= Frederic Whitehurst =

American lawyer and chemist

Frederic "Fred" Whitehurst is an American chemist and attorney who served as a supervisory special agent in the Federal Bureau of Investigation Laboratory from 1986 to 1998. Concerned about problems he saw among agents, he went public as a whistleblower to bring attention to procedural errors and misconduct by agents. After the FBI retaliated against his claims, he began to attend law school at night and used his Juris Doctor degree to continue his fight. After ten years of refusal, the FBI investigated his claims and agreed to 40 reforms to improve the forensic reliability of its testing.

== Biography ==
===Info===
Frederic W. Whitehurst was born Nov, 1947 in Newport, Rhode Island. He currently lives in Bethel, North Carolina with his wife Cheryl.

===Vietnam===
Whitehurst served as an intelligence specialist at the Americal base in Đức Phổ, Vietnam, during the early 1970s. He was tasked with reviewing seized documents and destroying any that had no military value. Working with translator Sergeant Nguyen Trung Hieu and following his advice, he saved two diaries written by Dr. Đặng Thùy Trâm, a civilian woman doctor working for North Vietnam. He kept them for 35 years, with the intention of eventually returning them to Trâm's family, if possible.

===FBI career===
Dr. Whitehurst received a Ph.D. in chemistry from Duke University, and a J.D. from Georgetown University. He joined the FBI in 1982 and served as a supervisory special agent in the FBI crime lab from 1986 to 1998.

While he was employed by the Federal Bureau of Investigation Laboratory, the FBI officially rated Dr. Whitehurst as the leading national and international expert in the science of explosives and explosives residue. Concerned about a number of issues that he observed with old equipment, rusty gear, improper protocol, and by the behavior of agents in the laboratory, he began to investigate their procedures. He eventually uncovered and reported what he thought were cases of scientific misconduct, alleging that the agents were biased toward the prosecution.

In 1989, Whitehurst was brought in on an international trial in San Francisco and noticed that one of his colleagues had testified untruthfully. After notifying the court officials, the FBI's response was to reprimand him and give him time off.

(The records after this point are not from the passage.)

lemma rooted_tree_decomp:
  assumes edges: "\<forall>e\<in>E. \<exists>i<n. e \<subseteq> B i" and K: "int K = treewidth V E + 1"
  shows "rooted_tree_decomp V E {..<n} F B 0"
  unfolding rooted_tree_decomp_def
proof (intro conjI allI impI)
  show "full_tree_decomp V E {..<n} F B" using full_tree_decomp[OF edges K] .
  show "0 \<in> {..<n}" using root_node by simp
  fix t s t'
  assume "t \<in> {..<n} \<and> t \<noteq> 0 \<and> tree_parent {..<n} F 0 t s \<and> tree_parent {..<n} F 0 t' t"
  then have "s = par t" "t = par t'" "0 < t" "0 < t'" "t' < n"
    using tree_parent_imp_parent unfolding tree_parent_def by auto
  then show "B t \<inter> B s \<noteq> B t \<inter> B t'" using separators_differ by blast
qed

end

lemma tree_decomp_single_bag:
  assumes "simple_graph V E"
  shows "tree_decomp V E {0::nat} {} (\<lambda>_. V)"
proof -
  have "connected_on {0::nat} {} {0}" by (rule connected_on_via_hub[of 0]) (auto intro!: exI[of _ "[0]"])
  moreover have "\<not> has_cycle {0::nat} {}" by (auto simp: has_cycle_def is_path_def)
  moreover have "\<forall>e\<in>E. e \<subseteq> V" using assms unfolding simple_graph_def by auto
  ultimately show ?thesis unfolding tree_decomp_def is_tree_def simple_graph_def by auto
qed

lemma card_bag_le_td_width: "finite N \<Longrightarrow> t \<in> N \<Longrightarrow> int (card (B t)) \<le> td_width N B + 1"
  unfolding td_width_def by simp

After speaking to managers and even going so far as to call FBI director William S. Sessions and spend an hour expressing his concerns, the allegations were ignored and nothing was done.

Whitehurst began to attend law school at Georgetown University by taking his classes at night, earning his J.D. in 1996. During this period, to protect himself in administrative proceedings, Whitehurst hired Kohn, Kohn & Colapinto, a Washington, D.C. law firm specializing in defending whistleblowers. The attorney general attempted to stop Whitehurst from talking to counsel and threatened to prosecute him if he revealed anything outside of the FBI or DOJ.

When the FBI investigated his claims the Office of the Inspector General's (OIG) report of Whitehurst's allegations, it was concluded that, "Partly as a result of the sweeping accusations Whitehurst has made against others, it has become increasingly difficult for him to work with examiners in the EU and other units of the Laboratory. Moreover, Whitehurst appears to lack the judgment and common sense necessary for a forensic examiner, notwithstanding his own stated commitment to objective and valid scientific analysis". The FBI crime lab finally agreed to forty major reforms, including undergoing an accreditation process.

==Post-FBI years==
Dr. Whitehurst currently serves as the Executive Director of the Forensic Justice Project (FJP). The FJP was formed in 1998 as a project of the National Whistleblower Center, a non-profit 501(c)3 organization. The goal of the FJP is to lead a national effort to accomplish the following:
- Review cases to make sure that innocent people have not been wrongfully convicted through the misuse of forensic science;
- Provide expert testimony in cases in order to assure that forensic science is not misused in civil and criminal prosecutions impacting on the public interest or the rights of individuals;
- Offer objective scientific evaluations of forensic evidence;
- Publish and distribute information necessary for an objective analysis of the quality and objectivity of forensic science and crime laboratories nationwide.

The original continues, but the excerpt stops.